George also maintained a longtime interest in the study of the phenomenon of Nazism and delivered several papers on that subject at meetings of the American Anthropological Association. Between 1973 and 1977, he won two Fulbright-Hayes fellowships, and in 1982, he won the Lauriston Sharp Prize of the Cornell Southeast Asia program.

He was also an avid organic farmer, tireless father and supporter of the community. In 1969 he helped found a small communal farm in Wendell, which remained his home until his untimely death. He traveled the United States pursuing his academic goals and teaching but always returned to Wendell where he farmed and raised his daughter. Since 1984 he held teaching positions at Southern Illinois University at Carbondale, Dartmouth College and the University of California, Irvine. At the time of his death, he was teaching at Keene State College in New Hampshire and completing a book on Nazism.

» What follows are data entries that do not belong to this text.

definition fcompact :: "'a set \<Rightarrow> ('a \<Rightarrow> 'a \<Rightarrow> real \<Rightarrow> real) \<Rightarrow> bool" where
  "fcompact X M \<longleftrightarrow>
     (\<forall>\<U>. (\<forall>U\<in>\<U>. fopen X M U) \<and> X \<subseteq> \<Union>\<U> \<longrightarrow> (\<exists>\<F>\<subseteq>\<U>. finite \<F> \<and> X \<subseteq> \<Union>\<F>))"

definition hausdorff_fuzzy :: "('a \<Rightarrow> 'a \<Rightarrow> real \<Rightarrow> real) \<Rightarrow> 'a set \<Rightarrow> 'a set \<Rightarrow> real \<Rightarrow> real" where
  "hausdorff_fuzzy M A B t =
     min (Inf ((\<lambda>a. Sup ((\<lambda>b. M a b t) ` B)) ` A))
         (Inf ((\<lambda>b. Sup ((\<lambda>a. M a b t) ` A)) ` B))"

definition admissible :: "'a set \<Rightarrow> ('a \<Rightarrow> 'a \<Rightarrow> real \<Rightarrow> real) \<Rightarrow> 'b set \<Rightarrow> ('b \<Rightarrow> 'b \<Rightarrow> real \<Rightarrow> real)
     \<Rightarrow> (real \<Rightarrow> real \<Rightarrow> real) \<Rightarrow> ('a + 'b \<Rightarrow> 'a + 'b \<Rightarrow> real \<Rightarrow> real) \<Rightarrow> bool" where
  "admissible X MX Y MY T M \<longleftrightarrow>
     non_archimedean (X <+> Y) M T \<and>
     (\<forall>x\<in>X. \<forall>y\<in>X. \<forall>t\<ge>0. M (Inl x) (Inl y) t = MX x y t) \<and>
     (\<forall>x\<in>Y. \<forall>y\<in>Y. \<forall>t\<ge>0. M (Inr x) (Inr y) t = MY x y t)"

definition M_GH :: "'a set \<Rightarrow> ('a \<Rightarrow> 'a \<Rightarrow> real \<Rightarrow> real) \<Rightarrow> 'b set \<Rightarrow> ('b \<Rightarrow> 'b \<Rightarrow> real \<Rightarrow> real)
     \<Rightarrow> (real \<Rightarrow> real \<Rightarrow> real) \<Rightarrow> real \<Rightarrow> real" where
  "M_GH X MX Y MY T t =
     Sup {hausdorff_fuzzy M (Inl ` X) (Inr ` Y) t | M. admissible X MX Y MY T M}"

George was a co-founder of the Crashing Tower Pickle Company, which produced organic dill pickles to celebrate an early act of ecotage to stop the nuclear power plant planned for Montague. He was active in the publication of the Wendell Post and worked for peace and justice as an individual and with the Traprock Peace Center.

Even the solid granite foundations of Amherst College shook during the tumult of the 1960s, and the class of 1969, with George’s help, added a good deal of energy to that process. This period was the beginning of the end of the old fraternity system, and many of us remember well the first non-fraternity, Phi Psi, leading the way, and George, from his tree-top level, third floor suite, directing the progress. It was in this large airy studio hung with silks that George organized his intellectual life, held forth on Bach and Bob Dylan to the many who were interested enough to wander by, day or night, and bent over the books and journals that were so much of this world.

Politics and the fight for rights for the oppressed were always primary in George’s mind, and when he thought he had done as much as he could do to shake up Amherst, he transferred to Columbia for a year to help the famous “strike” there.

George was the son of the late Isaac Sherman and the late Tamara Manela (Sherman). He leaves his daughter, Ruth Sherman; a sister, Reena Moss; and a brother, Alexander Sherman, along with many cousins, nieces and nephews.